Предыдущая глава |
↓ Содержание ↓
↑ Свернуть ↑
| Следующая глава |
— Ну, чего застыл? Копайся побыстрей, видишь, наружу стремиться. — Скомандовал Трофим. С такой брезгливостью и отвращением я стал рыться в этом, почти что живом пакете, что невольно мысли сами о том, что мне уже никогда не отмыться стали неугомонно крутиться в голове. Грязь, сама стремилась зацепиться за мою руку и по ней вылезти наружу, потому, стараясь, на сколько это было возможным, не обращать никакого внимания на поползновения этого бывшего пепла, я стал активно процеживать всё, что попадалось в руку. Наконец, моя рука наткнулась на что-то не очень жёсткое, но довольно отличное от того, в чём я так усердно возился. Не долго думая, я потянул руку вверх, но эта живая жижа не отпускала меня, вот тогда и пришло время моих наставников. Трофим, поднося свечу на сколько близко позволял пакет, буквально приказал мне медленно не дёргаясь вытягивать руку вверх. То, что было в пакете, явно боялось света, потому неохотно, но всё же отпускало меня, стараясь хоть как-то зацепиться и удержать. Мой учитель, что-то нашёптывая и кружа свечой около раскрытого пакета с липучей грязью, явно понимал, что делает. От всех его манипуляций эта масса ёжилась и забивалась шипя и убывая в размерах, но одна странность меня просто сбивала с толку. При таком громком, не характерном шипении, выделялся густой мокрый туман, который тоже в свою очередь, пытался зацепиться за меня или хотя бы осесть на вещах. Под действием свечи он так же, как и жижа ёжась влезал обратно в пакет, будто боясь чего-то. Наконец, Загнав в пакет всё, что от туда вылезало, Трофим сам потянул мою руку рывком наружу. Освободившись, Анюта сразу завязала пакет, но, не успев отдёрнуть свои руки, над ними, сползая с моей одежды, остатки зеленовато-грязного прозрачного тумана сформировались в небольшое облако, зависшего ровно над злополучным узлом. В этом паровом облаке показалось мутное очертание старика, которое угрожающе поводило глазами, принялось говорить неприятным скрипучим голосом.

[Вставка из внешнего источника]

(* Let $n=2$ and suppose both agents are strategic and have complete and perfect information. For any categorial sequential allocation mechanism $f_\mathcal O$ (with any number $p$ of categories), there exists a profile $P$ such that for $j=1,2$, the rank (in $R_j$) of the bundle allocated to agent $j$ in the subgame-perfect Nash equilibrium is exactly $n^p+1-\prod_{i=1}^{p}k_{j,i}$.
   Context: Basic categorized domain: $n$ agents, $p$ categories $D_i=\{1,\ldots,n\}$ of indivisible items, bundles $\mathfrak D=D_1\times\cdots\times D_p$; each agent $j$ has a linear order $R_j$ over $\mathfrak D$; a profile is $(R_1,\ldots,R_n)$. The rank of a bundle in $R_j$ is its position (top $=1$, bottom $=n^p$). CSAM $f_\mathcal O$: given a linear order $\mathcal O$ over $\{1,\ldots,n\}\times\{1,\ldots,p\}$, in rounds $t=1,\ldots,np$, if the $t$-th element of $\mathcal O$ is $(j,i)$ then agent $j$ chooses an item $d_{j,i}$ from the items of $D_i$ not yet chosen; all choices are observed by all agents; agent $j$ finally receives $(d_{j,1},\ldots,d_{j,p})$. With strategic agents with complete and perfect information, this is an extensive-form game in which each agent's preference over outcomes is her linear order over her final bundle; its subgame-perfect Nash equilibrium is unique. $k_{j,i}$ denotes the number of items of $D_i$ still available right before agent $j$ chooses from $D_i$, i.e. $n$ minus the number of agents who choose from $D_i$ before $j$ in $\mathcal O$. *)

theory Defs
  imports Main "HOL-Library.FuncSet"
begin

definition bundles :: "nat \<Rightarrow> nat \<Rightarrow> (nat \<Rightarrow> nat) set" where
  "bundles n p = PiE {1..p} (\<lambda>_. {1..n})"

— Значит угробили ребятишек? Не захотели на примирение пойтить? Тогда не обессудьте, получите всего, чего так хотели. А, чтой-то я Трифона не вижу? Чего он-то из своей норы не показывается?

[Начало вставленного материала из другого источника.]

(* Let $f$ be a ternary cubic form such that $4\theta_{3311}\theta_{3322}-\theta_{3312}^2\neq0$. Then $f$ is completely reducible (a product of three linear forms) if and only if the following three equations hold: $$\Delta_{122}\theta_{3311}-\Delta_{112}\theta_{3312}+3\Delta_{111}\theta_{3322}=0,$$ $$3\Delta_{222}\theta_{3311}-\Delta_{122}\theta_{3312}+\Delta_{112}\theta_{3322}=0,$$ $$\Delta_{122}\theta_{1311}-\Delta_{112}\theta_{1312}+3\Delta_{111}\theta_{1322}+3\Delta_{222}\theta_{2311}-\Delta_{122}\theta_{2312}+\Delta_{112}\theta_{2322}-4\Delta_{223}\theta_{3311}+2\Delta_{123}\theta_{3312}-4\Delta_{113}\theta_{3322}=0.$$
   Context: Forms have complex coefficients in $x=(x_1,x_2,x_3)$; $u=(u_1,u_2,u_3)$ are indeterminates with $u_x=\sum u_ix_i$. The second transvectant is $J^2[f,g,h]=\big(\Omega^2(f(x)g(y)h(z))\big)|_{y=z=x}$, where $\Omega$ is the determinant of the operator matrix with rows $(\partial/\partial x_i)$, $(\partial/\partial y_i)$, $(\partial/\partial z_i)$, and $u$ is treated as constant. For a ternary cubic $f$, let $\Delta=\tfrac1{12}J^2[f,f,f]$ (the Hessian, equal to $\tfrac12\det(\partial^2f/\partial x_i\partial x_j)$), and write $\Delta_{ijk}$ ($i\le j\le k$) for its coefficient of $x_ix_jx_k$. Let $\theta=\tfrac14J^2[f,f,u_x^2]$, and write $\theta_{ijkl}$ ($i\le j$, $k\le l$) for its coefficient of $u_iu_jx_kx_l$. *)

theory Defs
  imports "HOL-Analysis.Analysis" "HOL-Combinatorics.Permutations"
begin
(* Let $R$ be an integral domain whose Jacobson radical is $\{0\}$, let $X=\operatorname{Specm}(R)$ and for $r\in R$ let $X_r=\{\mathfrak m\in X : r\notin\mathfrak m\}$. Then $\mathcal F=\{Z\subseteq X : X_r\subseteq Z \text{ for some } r\in R\setminus\{0\}\}$ is a filter on $X$. Moreover, if $\mathcal U$ is an ultrafilter on $X$ containing $\mathcal F$, then the canonical map $R\to\prod_{\mathcal U}R/\mathfrak m$ is injective, and the field $\prod_{\mathcal U}R/\mathfrak m$ contains (a copy of) the fraction field of $R$.
   Context: A filter on a set $X$ is a collection $\mathcal F$ of subsets of $X$ with $\emptyset\notin\mathcal F$, closed under finite intersections and under passing to supersets; an ultrafilter is a maximal filter. For a nonempty filter $\mathcal F$ on $X$ and commutative rings $S_i$ ($i\in X$), $\prod_{\mathcal F}S_i$ is the quotient of $\prod_{i\in X}S_i$ by the ideal of families $(s_i)$ with $\{i : s_i=0\}\in\mathcal F$; if all $S_i$ are fields and $\mathcal F$ is an ultrafilter this is a field. The canonical map $R\to\prod_{\mathcal U}R/\mathfrak m$ sends $r$ to the class of $(r \bmod \mathfrak m)_{\mathfrak m\in X}$. *)

theory Defs
  imports "HOL-Algebra.QuotRing" "HOL-Computational_Algebra.Fraction_Field"
begin

definition tc_ring :: "('a::comm_ring_1) ring" where
  "tc_ring = \<lparr>carrier = UNIV, mult = (*), one = 1, zero = 0, add = (+)\<rparr>"

definition Specm :: "('a, 'b) ring_scheme \<Rightarrow> 'a set set" where
  "Specm R = {m. maximalideal m R}"
(* Let $\mathcal{Y}$ be sampled from $\operatorname{TBM}(\rho,\mathcal{S},z_1,\dots,z_d)$, fix a mode $k$, let $Y=\mathrm{mat}_k\mathcal{Y}$ and $X=\mathbb{E}Y$. Then $$\min_{i,j\in[n_k]:\,z_k(i)\ne z_k(j)}\|(XX^\top)_{i:}-(XX^\top)_{j:}\|\ \ge\ \frac{\prod_{k'=1}^d\alpha_{k'}}{\sqrt{2\alpha_k}}\,\frac{\delta_k^2}{\sqrt{n_kr_k}}\,n_1\cdots n_d\,\rho^2,$$ where $\delta_k$ is the mode-$k$ cluster separation and $\alpha_{k'}$ the mode-$k'$ cluster balance coefficients.
   Context: Tensor block model: $\operatorname{TBM}(\rho,\mathcal{S},z_1,\dots,z_d)$ with dimensions $n_1,\dots,n_d$ and cluster counts $r_1,\dots,r_d$ is the law of a random tensor $\mathcal{Y}\in\mathbb{Z}^{n_1\times\cdots\times n_d}$ with independent entries and $\mathbb{E}\mathcal{Y}_{i_1\dots i_d}=\rho\,\mathcal{S}_{z_1(i_1)\dots z_d(i_d)}$, where $\rho\ge0$, $\mathcal{S}\in[-1,1]^{r_1\times\cdots\times r_d}$, $z_j\in[r_j]^{n_j}$. Matricization: $\mathrm{mat}_k(\mathcal{A})\in\mathbb{R}^{n_k\times(n_1\cdots n_d/n_k)}$ has rows indexed by $i_k$ and columns by the remaining indices in lexicographic order, with entries $\mathcal{A}_{i_1\dots i_d}$. Mode-$k$ cluster separation: $\delta_k=\min_{l\ne l'}\|(\mathrm{mat}_k\mathcal{S})_{l:}-(\mathrm{mat}_k\mathcal{S})_{l':}\|/\sqrt{r_1\cdots r_d/r_k}$. Mode-$j$ cluster balance coefficient: $\alpha_j=\min_{l\in[r_j]}|z_j^{-1}\{l\}|/(n_j/r_j)$. Norms are Euclidean. *)

theory Defs
  imports "HOL-Probability.Probability"
begin

text \<open>Conventions: modes are 0,...,d-1; indices of mode j are 0,...,n j - 1;
  clusters of mode j are 0,...,r j - 1.  A (multi-)index of a d-tensor is a function
  nat \<Rightarrow> nat in PiE {..<d} (\<lambda>j. {..<n j}).\<close>

definition tidx :: "nat \<Rightarrow> (nat \<Rightarrow> nat) \<Rightarrow> (nat \<Rightarrow> nat) set" where
  "tidx d n = PiE {..<d} (\<lambda>j. {..<n j})"

text \<open>Column indices of the mode-k matricization: the multi-indices over the remaining modes.
  The norms used below do not depend on the order of the columns.\<close>
definition colidx :: "nat \<Rightarrow> (nat \<Rightarrow> nat) \<Rightarrow> nat \<Rightarrow> (nat \<Rightarrow> nat) set" where
  "colidx d n k = PiE ({..<d} - {k}) (\<lambda>j. {..<n j})"

text \<open>Entry (i, c) of mat_k A, where c is a column multi-index.\<close>
definition matk :: "nat \<Rightarrow> ((nat \<Rightarrow> nat) \<Rightarrow> real) \<Rightarrow> nat \<Rightarrow> (nat \<Rightarrow> nat) \<Rightarrow> real" where
  "matk k A i c = A (c(k := i))"

definition gramk :: "nat \<Rightarrow> (nat \<Rightarrow> nat) \<Rightarrow> nat \<Rightarrow> ((nat \<Rightarrow> nat) \<Rightarrow> real) \<Rightarrow> nat \<Rightarrow> nat \<Rightarrow> real" where
  "gramk d n k A i i' = (\<Sum>c\<in>colidx d n k. matk k A i c * matk k A i' c)"

definition gram_row_dist :: "nat \<Rightarrow> (nat \<Rightarrow> nat) \<Rightarrow> nat \<Rightarrow> ((nat \<Rightarrow> nat) \<Rightarrow> real) \<Rightarrow> nat \<Rightarrow> nat \<Rightarrow> real" where
  "gram_row_dist d n k A i j = sqrt (\<Sum>i'<n k. (gramk d n k A i i' - gramk d n k A j i')\<^sup>2)"

definition tbm_mean :: "nat \<Rightarrow> real \<Rightarrow> ((nat \<Rightarrow> nat) \<Rightarrow> real) \<Rightarrow> (nat \<Rightarrow> nat \<Rightarrow> nat) \<Rightarrow> (nat \<Rightarrow> nat) \<Rightarrow> real" where
  "tbm_mean d \<rho> S z idx = \<rho> * S (\<lambda>j\<in>{..<d}. z j (idx j))"

definition tbm_params :: "nat \<Rightarrow> (nat \<Rightarrow> nat) \<Rightarrow> (nat \<Rightarrow> nat) \<Rightarrow> real \<Rightarrow> ((nat \<Rightarrow> nat) \<Rightarrow> real)
    \<Rightarrow> (nat \<Rightarrow> nat \<Rightarrow> nat) \<Rightarrow> bool" where
  "tbm_params d n r \<rho> S z \<longleftrightarrow> \<rho> \<ge> 0
     \<and> (\<forall>c\<in>tidx d r. \<bar>S c\<bar> \<le> 1)
     \<and> (\<forall>j<d. \<forall>i<n j. z j i < r j)"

— Ты про какую мировую говоришь? Про ту, которую твоим, как ты выразился, ребятишкам, переговоры были не к чему. За чем сюда явился? Пуще всего страху навести захотел, поди.

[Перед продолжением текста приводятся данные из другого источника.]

(* The recursion \<Xi>_(n+1) = P_(x+1) \<Xi>_n(l-1,m) + Q_(x-1) \<Xi>_n(l,m-1), entrywise: the first row of
   the amplitude matrix comes from a step to the left, the second from a step to the right. *)

lemma coef_p_rec: assumes "1 \<le> k + m"
  shows "coef_p \<omega> (Suc k) m = ua \<omega> (int m - int k) * coef_p \<omega> k m + ub \<omega> (int m - int k) * coef_s \<omega> k m"
proof -
  let ?e = "eip (- pot \<omega> (int m - int k))"
  have "ua \<omega> (int m - int k) * coef_p \<omega> k m = ?e * pH k m / sqrt 2"
    using ua_shift[of \<omega> "int m - int k" 0] by (simp add: coef_p_phase[OF assms] algebra_simps)
  moreover have "ub \<omega> (int m - int k) * coef_s \<omega> k m = ?e * rH k m / sqrt 2"
    by (simp add: coef_s_phase ub_def)
  moreover have "coef_p \<omega> (Suc k) m = ?e * (pH k m + rH k m) / sqrt 2"
  proof -
    have "pH (Suc k) m = (pH k m + rH k m) / sqrt 2" using pH_rec[OF assms] by (simp add: field_simps)
    then show ?thesis by (simp add: coef_p_phase)
  qed
  ultimately show ?thesis by (simp add: add_divide_distrib distrib_left)
qed

lemma coef_r_rec: assumes "1 \<le> k + m"
  shows "coef_r \<omega> (Suc k) m = ua \<omega> (int m - int k) * coef_r \<omega> k m + ub \<omega> (int m - int k) * coef_q \<omega> k m"
proof -
  let ?e = "eip (pot \<omega> 1 - pot \<omega> (int m - int k))"
  have "ua \<omega> (int m - int k) * coef_r \<omega> k m = ?e * rH k m / sqrt 2"
    using ua_shift[of \<omega> "int m - int k" "pot \<omega> 1"] by (simp add: coef_r_phase algebra_simps)
  moreover have "ub \<omega> (int m - int k) * coef_q \<omega> k m = ?e * qH k m / sqrt 2"
    by (simp add: coef_q_phase[OF assms] ub_def)
  moreover have "coef_r \<omega> (Suc k) m = ?e * (qH k m + rH k m) / sqrt 2"
  proof -
    have "rH (Suc k) m = (qH k m + rH k m) / sqrt 2" using rH_rec_left[OF assms] by (simp add: field_simps)
    then show ?thesis by (simp add: coef_r_phase)
  qed
  ultimately show ?thesis by (simp add: add_divide_distrib distrib_left)
qed

lemma coef_s_rec: assumes "1 \<le> l + k"
  shows "coef_s \<omega> l (Suc k) = uc \<omega> (int k - int l) * coef_p \<omega> l k + ud \<omega> (int k - int l) * coef_s \<omega> l k"
proof -
  let ?e = "eip (- pot \<omega> (int k - int l + 1))"
  have "uc \<omega> (int k - int l) * coef_p \<omega> l k = ?e * pH l k / sqrt 2"
    by (simp add: coef_p_phase[OF assms] uc_def)
  moreover have "ud \<omega> (int k - int l) * coef_s \<omega> l k = - ?e * rH l k / sqrt 2"
    using ud_shift[of \<omega> "int k - int l" 0] by (simp add: coef_s_phase algebra_simps)
  moreover have "coef_s \<omega> l (Suc k) = ?e * (pH l k - rH l k) / sqrt 2"
  proof -
    have "rH l (Suc k) = (pH l k - rH l k) / sqrt 2" using rH_rec_right[OF assms] by (simp add: field_simps)
    then show ?thesis by (simp add: coef_s_phase add.commute add_diff_eq)
  qed
  ultimately show ?thesis by (simp add: diff_divide_distrib right_diff_distrib)
qed

lemma coef_q_rec: assumes "1 \<le> l + k"
  shows "coef_q \<omega> l (Suc k) = uc \<omega> (int k - int l) * coef_r \<omega> l k + ud \<omega> (int k - int l) * coef_q \<omega> l k"
proof -
  let ?e = "eip (pot \<omega> 1 - pot \<omega> (int k - int l + 1))"
  have "uc \<omega> (int k - int l) * coef_r \<omega> l k = ?e * rH l k / sqrt 2"
    by (simp add: coef_r_phase uc_def)
  moreover have "ud \<omega> (int k - int l) * coef_q \<omega> l k = - ?e * qH l k / sqrt 2"
    using ud_shift[of \<omega> "int k - int l" "pot \<omega> 1"] by (simp add: coef_q_phase[OF assms] algebra_simps)
  moreover have "coef_q \<omega> l (Suc k) = ?e * (rH l k - qH l k) / sqrt 2"
  proof -
    have "qH l (Suc k) = (rH l k - qH l k) / sqrt 2" using qH_rec[OF assms] by (simp add: field_simps)
    then show ?thesis by (simp add: coef_q_phase add.commute add_diff_eq)
  qed
  ultimately show ?thesis by (simp add: diff_divide_distrib right_diff_distrib)
qed

definition amp :: "(int \<Rightarrow> real) \<Rightarrow> nat \<Rightarrow> nat \<Rightarrow> complex^2^2" where
  "amp \<omega> l m = mat2 (coef_p \<omega> l m) (coef_r \<omega> l m) (coef_s \<omega> l m) (coef_q \<omega> l m)"

lemma Pmat_mult: "Pmat \<omega> x ** mat2 a b c d = mat2 (ua \<omega> x * a + ub \<omega> x * c) (ua \<omega> x * b + ub \<omega> x * d) 0 0"
  by (simp add: Pmat_def mat2_mult)

lemma Qmat_mult: "Qmat \<omega> x ** mat2 a b c d = mat2 0 0 (uc \<omega> x * a + ud \<omega> x * c) (uc \<omega> x * b + ud \<omega> x * d)"
  by (simp add: Qmat_def mat2_mult)

lemma amp_first_row_left_edge: "coef_p \<omega> 0 (Suc k) = 0" "coef_r \<omega> 0 m = 0"
  by (simp_all add: coef_p_def coef_r_def pH_def rH_def)

lemma amp_second_row_right_edge: "coef_s \<omega> l 0 = 0" "coef_q \<omega> (Suc k) 0 = 0"
  by (simp_all add: coef_s_def coef_q_def qH_def rH_def)

lemma amp_step:
  assumes "2 \<le> l + m"
  shows "amp \<omega> l m = (if 1 \<le> l then Pmat \<omega> (- int l + int m + 1) ** amp \<omega> (l - 1) m else 0)
                   + (if 1 \<le> m then Qmat \<omega> (- int l + int m - 1) ** amp \<omega> l (m - 1) else 0)"
proof (cases l; cases m)
  fix k assume l: "l = 0" and m: "m = Suc k"
  then have "1 \<le> l + k" using assms by simp
  then show ?thesis using l m
    by (simp add: amp_def Qmat_mult mat2_add amp_first_row_left_edge coef_s_rec coef_q_rec)
next
  fix k assume l: "l = Suc k" and m: "m = 0"
  then have "1 \<le> k + m" using assms by simp
  then show ?thesis using l m
    by (simp add: amp_def Pmat_mult mat2_add amp_second_row_right_edge coef_p_rec coef_r_rec)
next
  fix k j assume l: "l = Suc k" and m: "m = Suc j"
  then have "1 \<le> k + m" "1 \<le> l + j" by simp_all
  then show ?thesis using l m
    by (simp add: amp_def Pmat_mult Qmat_mult mat2_add coef_p_rec coef_r_rec coef_s_rec coef_q_rec
        algebra_simps)
qed (use assms in simp)

(* Right distributivity of the matrix product, which the library states only on the left. *)
lemma matrix_add_rdistrib: "(B + C) ** (A :: 'a::semiring_1^'n^'m) = B ** A + C ** A"
  by (vector matrix_matrix_mult_def sum.distrib[symmetric] field_simps)

theorem Xi_amp: "1 \<le> n \<Longrightarrow> l + m = n \<Longrightarrow> Xi \<omega> n l m = amp \<omega> l m ** Umat \<omega> 0"
proof (induction n arbitrary: l m rule: nat_induct_at_least)
  case base
  then consider "l = 1" "m = 0" | "l = 0" "m = 1" by arith
  then show ?case
  proof cases
    case 1
    have "amp \<omega> l m = mat2 1 0 0 0"
      using 1 by (simp add: amp_def coef_p_def coef_q_def coef_r_def coef_s_def
                    Theta_p_def pH_def qH_def rH_def osum_neg_def eip_zero)
    then show ?thesis using 1 by (simp add: Umat_def Pmat_def mat2_mult)
  next
    case 2
    have "amp \<omega> l m = mat2 0 0 0 1"
      using 2 by (simp add: amp_def coef_p_def coef_q_def coef_r_def coef_s_def
                    Theta_q_def pH_def qH_def rH_def osum_def eip_zero)
    then show ?thesis using 2 by (simp add: Umat_def Qmat_def mat2_mult)
  qed
next
  case (Suc n)
  have "Xi \<omega> (Suc n) l m
      = (if 1 \<le> l then Pmat \<omega> (- int l + int m + 1) ** (amp \<omega> (l - 1) m ** Umat \<omega> 0) else 0)
      + (if 1 \<le> m then Qmat \<omega> (- int l + int m - 1) ** (amp \<omega> l (m - 1) ** Umat \<omega> 0) else 0)"
    using Suc by (simp add: Let_def)
  also have "\<dots> = amp \<omega> l m ** Umat \<omega> 0"
    using Suc by (simp add: amp_step matrix_add_rdistrib matrix_mul_assoc)
  finally show ?case .
qed

definition coin_up :: "real \<Rightarrow> complex" where
  "coin_up w = (exp (\<i> * complex_of_real w) + \<i>) / 2"
definition coin_down :: "real \<Rightarrow> complex" where
  "coin_down w = (1 - \<i> * exp (- \<i> * complex_of_real w)) / 2"

lemma Umat_phi_star: "Umat \<omega> 0 *v phi_star = (\<chi> i. if i = 1 then coin_up (\<omega> 0) else coin_down (\<omega> 0))"
proof -
  have "complex_of_real (sqrt 2) * complex_of_real (sqrt 2) = 2" by (simp flip: of_real_mult)
  then show ?thesis
    by (simp add: vec_eq_iff forall_2 Umat_def mat2_mulv phi_star_def ua_def ub_def uc_def ud_def
        coin_up_def coin_down_def field_simps)
qed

— Ага. Как только догадался-то, умник? — Расхохотался старик в облаке, оголив не по-старчески крепкие зубы. Его морщины, плотно уложенные на лбу и щеках, стали лишь подрагивать в такт его колыханиям. Будто прилипший кусок теста, они неприятно переваливались, создавая волны на его и так мало располагавшем к себе лице.
— Чем разговоры городить, лучше отдал бы мне этого Трифона, уж очень он мне нужен.
— Столько лет не нужен был, а теперь, вдруг, заинтересовался. С чего бы это?
— Да всё с того же, не надо прошлого ворошить. Зачем мальчика из его жизни выдернул. Если б ещё просто выдернул, то беды в том мало, но ты его ещё и разным разностям учить стал. Сам в жизни мало нахлебался что ли? Ему твои заморочки без надобности, посмотри на него, теперь по гроб своей захудалой жизни несчастным будет.
— Не пекись об нём. Он мальчик взрослый, сам разберётся, что по чём, без твоих поучений.
— А если нет?
— Говори, за чем пришёл и проваливай.
— Слушай, если удумал к озеру сходить и тем более, этого несмышлёныша с собой прихватить, то по-честному предупредить хочу — встречу. И что бы там не случилось, у меня сил достанет с тобой и приятелями твоими поквитаться. Мы своего никогда не отдавали и в этот раз не надейся.
— Не стращай, пуганые уже, а коли всё, что хотел сказать сказал, так пора и проваливать.
— Ну-ну, моё дело маленькое. На свою Агашку-то, тоже особо не полагайся. А ученица её, ещё малость желторота для схватки будет. Даже след от самого Сафрона её не убережёт. С моими крепышами не сровнять. Да и родня она ему уж больно дальняя и намешанная получается. Анютка твоя в этом, конечно, преуспела, но всё одно не выстоит.
— Если у тебя так всё хорошо, да складно, то чего сюда явился?
— Предупредить никогда лишним не будет. Хочу, чтоб лучше подумали, прежде чем на что-то решиться. Не один же век с тобой знакомы. За это время сильно привык к тебе. А вдруг из вас никто не уцелеет?
— Что-то ты темнишь. Выкладывай, зачем из схрона сюда вылез.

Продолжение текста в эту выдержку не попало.